(* Let $N\ge 1$, let $C_1\ge C_2\ge\cdots\ge C_N>0$ be link capacities, let $X$ be a total traffic demand with $0\le X\le \sum_{i=1}^N C_i$, and let $E:[0,C_1]\to\mathbb{R}$ be a strictly concave function (the common per-link cost). Consider the problem of minimizing $E_B(x_1,\dots,x_N)=\sum_{i=1}^N E(x_i)$ subject to $0\le x_i\le C_i$ for all $i$ and $\sum_{i=1}^N x_i = X$. Then $E_B$ attains its minimum over this feasible set at the allocation defined recursively by $x_i=\min\{C_i,\ X-\sum_{j<i}x_j\}$ for $i=1,\dots,N$.
   Context: The allocation $x_i=\min\{C_i, X-\sum_{j<i}x_j\}$ is the sequential "water-filling" allocation: each link is filled to capacity before any traffic is sent on the next one. *)

theory Defs
  imports "HOL-Analysis.Analysis"
begin

definition strict_concave_on :: "real set \<Rightarrow> (real \<Rightarrow> real) \<Rightarrow> bool" where
  "strict_concave_on S f \<longleftrightarrow>
     (\<forall>x\<in>S. \<forall>y\<in>S. \<forall>t::real. x \<noteq> y \<and> 0 < t \<and> t < 1 \<longrightarrow>
        f ((1 - t) * x + t * y) > (1 - t) * f x + t * f y)"

definition feasible :: "nat \<Rightarrow> (nat \<Rightarrow> real) \<Rightarrow> real \<Rightarrow> (nat \<Rightarrow> real) \<Rightarrow> bool" where
  "feasible N C X x \<longleftrightarrow>
     (\<forall>i\<in>{1..N}. 0 \<le> x i \<and> x i \<le> C i) \<and> (\<Sum>i=1..N. x i) = X"

end

theory Submission
  imports Defs
begin

text \<open>For a concave cost, moving an amount d from a link carrying q to a link carrying
  p with q - d \<le> p never increases E p + E q, since the new pair is more spread out than
  the old one. Because link 1 has the largest capacity, repeated transfers of this kind
  turn any feasible allocation into one that fills link 1 to min C_1 X without raising the
  cost; the remaining demand is then an instance of the same problem on links 2..N, so
  induction on the first link shows that the sequential water-filling allocation is
  optimal.\<close>

lemma strict_concave_on_imp_concave_on:
  assumes "convex S" and "strict_concave_on S f"
  shows "concave_on S f"
  unfolding concave_on_def
proof (rule convex_onI)
  fix t x y :: real assume t: "0 < t" "t < 1" and xy: "x \<in> S" "y \<in> S"
  have "(1 - t) * f x + t * f y \<le> f ((1 - t) * x + t * y)"
  proof (cases "x = y")
    case False
    then show ?thesis
      using assms(2) t xy unfolding strict_concave_on_def by (meson less_imp_le)
  qed (simp add: algebra_simps)
  then show "- f ((1 - t) *\<^sub>R x + t *\<^sub>R y) \<le> (1 - t) * - f x + t * - f y"
    by simp
qed (fact assms(1))

lemma concave_on_outer_pair_le:
  fixes f :: "real \<Rightarrow> real"
  assumes "concave_on S f" and "u \<in> S" "v \<in> S"
    and "u \<le> p" "p \<le> v" "u \<le> q" "q \<le> v" and "p + q = u + v"
  shows "f u + f v \<le> f p + f q"
proof (cases "u = v")
  case True
  then show ?thesis using assms by simp
next
  case False
  define t where "t = (p - u) / (v - u)"
  have t: "0 \<le> t" "t \<le> 1" using assms False by (auto simp: t_def divide_le_eq_1)
  have "t * (v - u) = p - u" using False by (simp add: t_def)
  then have p: "p = (1 - t) * u + t * v" and q: "q = (1 - (1 - t)) * u + (1 - t) * v"
    using assms(8) by (simp_all add: algebra_simps)
  have "(1 - t) * f u + t * f v \<le> f p"
    using concave_onD[OF assms(1) t assms(2,3)] p by simp
  moreover have "(1 - (1 - t)) * f u + (1 - t) * f v \<le> f q"
    using concave_onD[OF assms(1), of "1 - t"] t assms(2,3) q by simp
  ultimately show ?thesis by (simp add: algebra_simps)
qed

lemma sum_remove_two:
  assumes "finite A" "a \<in> A" "b \<in> A" "a \<noteq> b"
  shows "sum f A = f a + f b + sum f (A - {a, b})"
  using assms
  by (simp add: sum.remove[of A a] sum.remove[of "A - {a}" b] Diff_insert2[symmetric] add.assoc)

definition allocation :: "'i set \<Rightarrow> ('i \<Rightarrow> real) \<Rightarrow> real \<Rightarrow> ('i \<Rightarrow> real) \<Rightarrow> bool" where
  "allocation I C X y \<longleftrightarrow> (\<forall>i\<in>I. 0 \<le> y i \<and> y i \<le> C i) \<and> sum y I = X"

lemma feasible_eq_allocation: "feasible N C X = allocation {1..N} C X"
  by (simp add: fun_eq_iff feasible_def allocation_def)

lemma allocation_total_nonneg: "allocation I C X y \<Longrightarrow> 0 \<le> X"
  unfolding allocation_def by (metis sum_nonneg)

lemma allocation_le_total:
  assumes "allocation I C X y" "finite I" "i \<in> I"
  shows "y i \<le> X"
  using assms member_le_sum[of i I y] unfolding allocation_def by auto

lemma allocation_transfer:
  fixes E :: "real \<Rightarrow> real"
  assumes alloc: "allocation I C X y" and "finite I" and ij: "n \<in> I" "j \<in> I" "n \<noteq> j"
    and conc: "concave_on {0..C n} E"
    and d: "0 \<le> d" "d \<le> y j" "y n + d \<le> C n" "y j \<le> y n + d"
  defines "y' \<equiv> y(n := y n + d, j := y j - d)"
  shows "allocation I C X y'" and "(\<Sum>i\<in>I. E (y' i)) \<le> (\<Sum>i\<in>I. E (y i))"
proof -
  have split: "(\<Sum>i\<in>I. h (y' i)) = h (y n + d) + h (y j - d) + (\<Sum>i\<in>I - {n, j}. h (y i))"
    and split_y: "(\<Sum>i\<in>I. h (y i)) = h (y n) + h (y j) + (\<Sum>i\<in>I - {n, j}. h (y i))"
    for h :: "real \<Rightarrow> real"
    using sum_remove_two[OF \<open>finite I\<close> ij, of "\<lambda>i. h (y' i)"]
      sum_remove_two[OF \<open>finite I\<close> ij, of "\<lambda>i. h (y i)"] ij(3)
    by (auto simp: y'_def intro!: sum.cong)
  show "allocation I C X y'"
    using alloc ij d split[of id] split_y[of id] by (auto simp: allocation_def y'_def)
  have "y n \<ge> 0" using alloc ij by (simp add: allocation_def)
  then have "E (y j - d) + E (y n + d) \<le> E (y n) + E (y j)"
    using d by (intro concave_on_outer_pair_le[OF conc]) auto
  then show "(\<Sum>i\<in>I. E (y' i)) \<le> (\<Sum>i\<in>I. E (y i))"
    using split[of E] split_y[of E] by simp
qed


lemma allocation_fill_largest:
  fixes E :: "real \<Rightarrow> real"
  assumes "finite I" "n \<in> I" and largest: "\<forall>j\<in>I. C j \<le> C n"
    and conc: "concave_on {0..C n} E" and "allocation I C X y"
  shows "\<exists>y'. allocation I C X y' \<and> y' n = min (C n) X \<and>
    (\<Sum>i\<in>I. E (y' i)) \<le> (\<Sum>i\<in>I. E (y i))"
  using \<open>allocation I C X y\<close>
  \<comment> \<open>Each transfer from a link j to n either fills n up to min (C n) X or empties j.\<close>
proof (induction "card {j\<in>I - {n}. 0 < y j}" arbitrary: y rule: less_induct)
  case less
  define a where "a = min (C n) X"
  have y_bounds: "\<And>i. i \<in> I \<Longrightarrow> 0 \<le> y i \<and> y i \<le> a"
    using less.prems allocation_le_total[OF less.prems \<open>finite I\<close>] largest
    by (fastforce simp: allocation_def a_def)
  show ?case
  proof (cases "y n = a")
    case True
    then show ?thesis using less.prems a_def by blast
  next
    case False
    then have "y n < a" using y_bounds[OF \<open>n \<in> I\<close>] by (auto simp: a_def)
    moreover have "sum y I = y n + sum y (I - {n})"
      using \<open>finite I\<close> \<open>n \<in> I\<close> by (simp add: sum.remove)
    ultimately have "0 < sum y (I - {n})"
      using less.prems by (auto simp: allocation_def a_def)
    then obtain j where j: "j \<in> I" "j \<noteq> n" "0 < y j"
      by (metis (no_types, lifting) Diff_iff insertCI not_le sum_nonpos)
    define d where "d = min (y j) (a - y n)"
    define y' where "y' = y(n := y n + d, j := y j - d)"
    have "allocation I C X y'" and cost: "(\<Sum>i\<in>I. E (y' i)) \<le> (\<Sum>i\<in>I. E (y i))"
      using allocation_transfer[OF less.prems \<open>finite I\<close> \<open>n \<in> I\<close> j(1) j(2)[symmetric] conc,
          of d, folded y'_def]
        y_bounds[OF \<open>n \<in> I\<close>] y_bounds[OF j(1)] \<open>y n < a\<close>
      by (auto simp: d_def a_def)
    show ?thesis
    proof (cases "d = a - y n")
      case True
      then have "y' n = a" using j(2) by (simp add: y'_def)
      then show ?thesis using \<open>allocation I C X y'\<close> cost a_def by blast
    next
      case False
      then have "y' j = 0" by (simp add: y'_def d_def min_def split: if_splits)
      then have "{i\<in>I - {n}. 0 < y' i} \<subset> {i\<in>I - {n}. 0 < y i}"
        using j \<open>y n < a\<close> by (auto simp: y'_def d_def)
      then have "card {i\<in>I - {n}. 0 < y' i} < card {i\<in>I - {n}. 0 < y i}"
        using \<open>finite I\<close> by (intro psubset_card_mono) auto
      then show ?thesis
        using less.hyps[OF _ \<open>allocation I C X y'\<close>] cost by (meson order_trans)
    qed
  qed
qed


text \<open>Closed form of the sequential allocation started at link m; the outer max only
  matters for links lying beyond the point where the demand is used up.\<close>

definition water_fill :: "(nat \<Rightarrow> real) \<Rightarrow> nat \<Rightarrow> real \<Rightarrow> nat \<Rightarrow> real" where
  "water_fill C m X i = max 0 (min (C i) (X - (\<Sum>k=m..<i. C k)))"

lemma water_fill_first:
  "0 \<le> X \<Longrightarrow> 0 \<le> C m \<Longrightarrow> water_fill C m X m = min (C m) X"
  by (simp add: water_fill_def)

lemma water_fill_Suc:
  assumes "m < i" "0 \<le> X" and nonneg: "\<And>k. m < k \<Longrightarrow> k < i \<Longrightarrow> 0 \<le> C k"
  shows "water_fill C (Suc m) (X - min (C m) X) i = water_fill C m X i"
proof -
  have "0 \<le> (\<Sum>k=Suc m..<i. C k)" by (auto intro!: sum_nonneg nonneg)
  moreover have "(\<Sum>k=m..<i. C k) = C m + (\<Sum>k=Suc m..<i. C k)"
    using assms(1) by (simp add: sum.atLeast_Suc_lessThan)
  ultimately show ?thesis by (auto simp: water_fill_def min_def max_def)
qed

lemma water_fill_prefix_sum:
  assumes "m \<le> i" "0 \<le> X" and nonneg: "\<And>k. m \<le> k \<Longrightarrow> k < i \<Longrightarrow> 0 \<le> C k"
  shows "(\<Sum>k=m..<i. water_fill C m X k) = min X (\<Sum>k=m..<i. C k)"
  using assms(1) nonneg
proof (induction i rule: dec_induct)
  case base
  then show ?case using \<open>0 \<le> X\<close> by simp
next
  case (step i)
  then have "(\<Sum>k=m..<i. water_fill C m X k) = min X (\<Sum>k=m..<i. C k)" and "0 \<le> C i"
    by simp_all
  then show ?case
    using step.hyps(1) by (simp add: water_fill_def min_def max_def)
qed

lemma water_fill_eq_recursion:
  assumes "0 \<le> X" and nonneg: "\<And>k. m \<le> k \<Longrightarrow> k \<le> n \<Longrightarrow> 0 \<le> C k"
    and rec: "\<And>k. m \<le> k \<Longrightarrow> k \<le> n \<Longrightarrow> x k = min (C k) (X - (\<Sum>j=m..<k. x j))"
  shows "m \<le> i \<Longrightarrow> i \<le> n \<Longrightarrow> x i = water_fill C m X i"
proof (induction i rule: less_induct)
  case (less i)
  have "(\<Sum>j=m..<i. x j) = (\<Sum>j=m..<i. water_fill C m X j)"
    using less by (intro sum.cong) auto
  also have "\<dots> = min X (\<Sum>j=m..<i. C j)"
    using less.prems \<open>0 \<le> X\<close> nonneg by (intro water_fill_prefix_sum) auto
  finally show ?case
    using rec[OF less.prems] nonneg[OF less.prems] by (auto simp: water_fill_def min_def max_def)
qed


locale link_capacities =
  fixes N :: nat and C :: "nat \<Rightarrow> real"
  assumes capacity_decreasing: "\<And>i. 1 \<le> i \<Longrightarrow> i < N \<Longrightarrow> C i \<ge> C (Suc i)"
    and last_capacity_pos: "C N > 0"
begin

lemma capacity_antimono:
  assumes "1 \<le> i" "i \<le> j" "j \<le> N"
  shows "C j \<le> C i"
  using assms(2,3)
proof (induction j rule: dec_induct)
  case (step j)
  then show ?case using capacity_decreasing[of j] assms(1) by simp
qed simp

lemma capacity_pos: "1 \<le> i \<Longrightarrow> i \<le> N \<Longrightarrow> 0 < C i"
  using capacity_antimono[of i N] last_capacity_pos by simp

lemma water_fill_allocation:
  assumes "1 \<le> m" "m \<le> Suc N" "0 \<le> X" "X \<le> (\<Sum>i=m..N. C i)"
  shows "allocation {m..N} C X (water_fill C m X)"
proof -
  have "(\<Sum>i=m..<Suc N. water_fill C m X i) = min X (\<Sum>i=m..<Suc N. C i)"
    using assms capacity_pos by (intro water_fill_prefix_sum) (auto intro: less_imp_le)
  then have "(\<Sum>i=m..N. water_fill C m X i) = X"
    using assms(4) by (simp add: atLeastLessThanSuc_atLeastAtMost)
  moreover have "0 \<le> water_fill C m X i \<and> water_fill C m X i \<le> C i" if "i \<in> {m..N}" for i
    using capacity_pos[of i] that assms(1) by (auto simp: water_fill_def)
  ultimately show ?thesis by (simp add: allocation_def)
qed

lemma water_fill_optimal:
  fixes E :: "real \<Rightarrow> real"
  assumes conc: "concave_on {0..C 1} E"
  shows "m \<le> Suc N \<Longrightarrow> 1 \<le> m \<Longrightarrow> allocation {m..N} C X y \<Longrightarrow>
    (\<Sum>i=m..N. E (water_fill C m X i)) \<le> (\<Sum>i=m..N. E (y i))"
proof (induction m arbitrary: X y rule: inc_induct)
  case base
  then show ?case by simp
next
  case (step n)
  define a where "a = min (C n) X"
  have n: "1 \<le> n" "n \<le> N" using step by auto
  have "concave_on {0..C n} E"
    using conc capacity_antimono[of 1 n] capacity_pos[OF n] n
    unfolding concave_on_def by (elim convex_on_subset) auto
  then obtain y' where y': "allocation {n..N} C X y'" "y' n = a"
    "(\<Sum>i=n..N. E (y' i)) \<le> (\<Sum>i=n..N. E (y i))"
    using allocation_fill_largest[of "{n..N}" n C E X y] capacity_antimono[OF n(1)] n step.prems(2)
    unfolding a_def by fastforce
  have X: "0 \<le> X" using allocation_total_nonneg[OF step.prems(2)] .
  have split: "(\<Sum>i=n..N. f i) = f n + (\<Sum>i=Suc n..N. f i)" for f :: "nat \<Rightarrow> real"
    using n(2) by (simp add: sum.atLeast_Suc_atMost)
  have "allocation {Suc n..N} C (X - a) y'"
    using y'(1,2) split[of y'] by (auto simp: allocation_def)
  then have IH: "(\<Sum>i=Suc n..N. E (water_fill C (Suc n) (X - a) i)) \<le> (\<Sum>i=Suc n..N. E (y' i))"
    using step.IH by simp
  have shift: "(\<Sum>i=Suc n..N. E (water_fill C (Suc n) (X - a) i)) = (\<Sum>i=Suc n..N. E (water_fill C n X i))"
    unfolding a_def
  proof (intro sum.cong refl arg_cong[where f = E] water_fill_Suc[OF _ X])
    show "0 \<le> C k" if "i \<in> {Suc n..N}" "n < k" "k < i" for i k
      using capacity_pos[of k] that n(1) by simp
  qed auto
  have "(\<Sum>i=n..N. E (water_fill C n X i)) = E a + (\<Sum>i=Suc n..N. E (water_fill C n X i))"
    using split water_fill_first[OF X] capacity_pos[OF n] unfolding a_def by simp
  also have "\<dots> \<le> E (y' n) + (\<Sum>i=Suc n..N. E (y' i))" using IH shift y'(2) by simp
  also have "\<dots> \<le> (\<Sum>i=n..N. E (y i))" using split y'(3) by simp
  finally show ?case .
qed

end

theorem proposition1:
  fixes N :: nat and C :: "nat \<Rightarrow> real" and X :: real
    and E :: "real \<Rightarrow> real" and x :: "nat \<Rightarrow> real"
  assumes "N \<ge> 1"
    and "\<And>i. 1 \<le> i \<Longrightarrow> i < N \<Longrightarrow> C i \<ge> C (Suc i)"
    and "C N > 0"
    and "0 \<le> X" and "X \<le> (\<Sum>i=1..N. C i)"
    and "strict_concave_on {0..C 1} E"
    and "\<And>i. 1 \<le> i \<Longrightarrow> i \<le> N \<Longrightarrow> x i = min (C i) (X - (\<Sum>j=1..<i. x j))"
  shows "feasible N C X x \<and>
         (\<forall>y. feasible N C X y \<longrightarrow> (\<Sum>i=1..N. E (x i)) \<le> (\<Sum>i=1..N. E (y i)))"
proof -
  interpret link_capacities N C
    using assms(2,3) by unfold_locales
  have conc: "concave_on {0..C 1} E"
    using assms(6) by (intro strict_concave_on_imp_concave_on) auto
  have "x i = water_fill C 1 X i" if "i \<in> {1..N}" for i
    using water_fill_eq_recursion[OF assms(4) _ assms(7)] capacity_pos that
    by (simp add: less_imp_le)
  then have x: "(\<Sum>i=1..N. f (x i)) = (\<Sum>i=1..N. f (water_fill C 1 X i))"
    and "allocation {1..N} C X x = allocation {1..N} C X (water_fill C 1 X)" for f :: "real \<Rightarrow> real"
    by (auto simp: allocation_def intro: sum.cong)
  then show ?thesis
    using water_fill_allocation[of 1 X] water_fill_optimal[OF conc, of 1 X] assms(4,5)
    by (simp add: feasible_eq_allocation)
qed

end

* **Task goal**: Scan the records for lines that hold "fills", and reproduce each one you find.

* **Answer to this exercise**:
  turn any feasible allocation into one that fills link 1 to min C_1 X without raising the
  \<comment> \<open>Each transfer from a link j to n either fills n up to min (C n) X or empties j.\<close>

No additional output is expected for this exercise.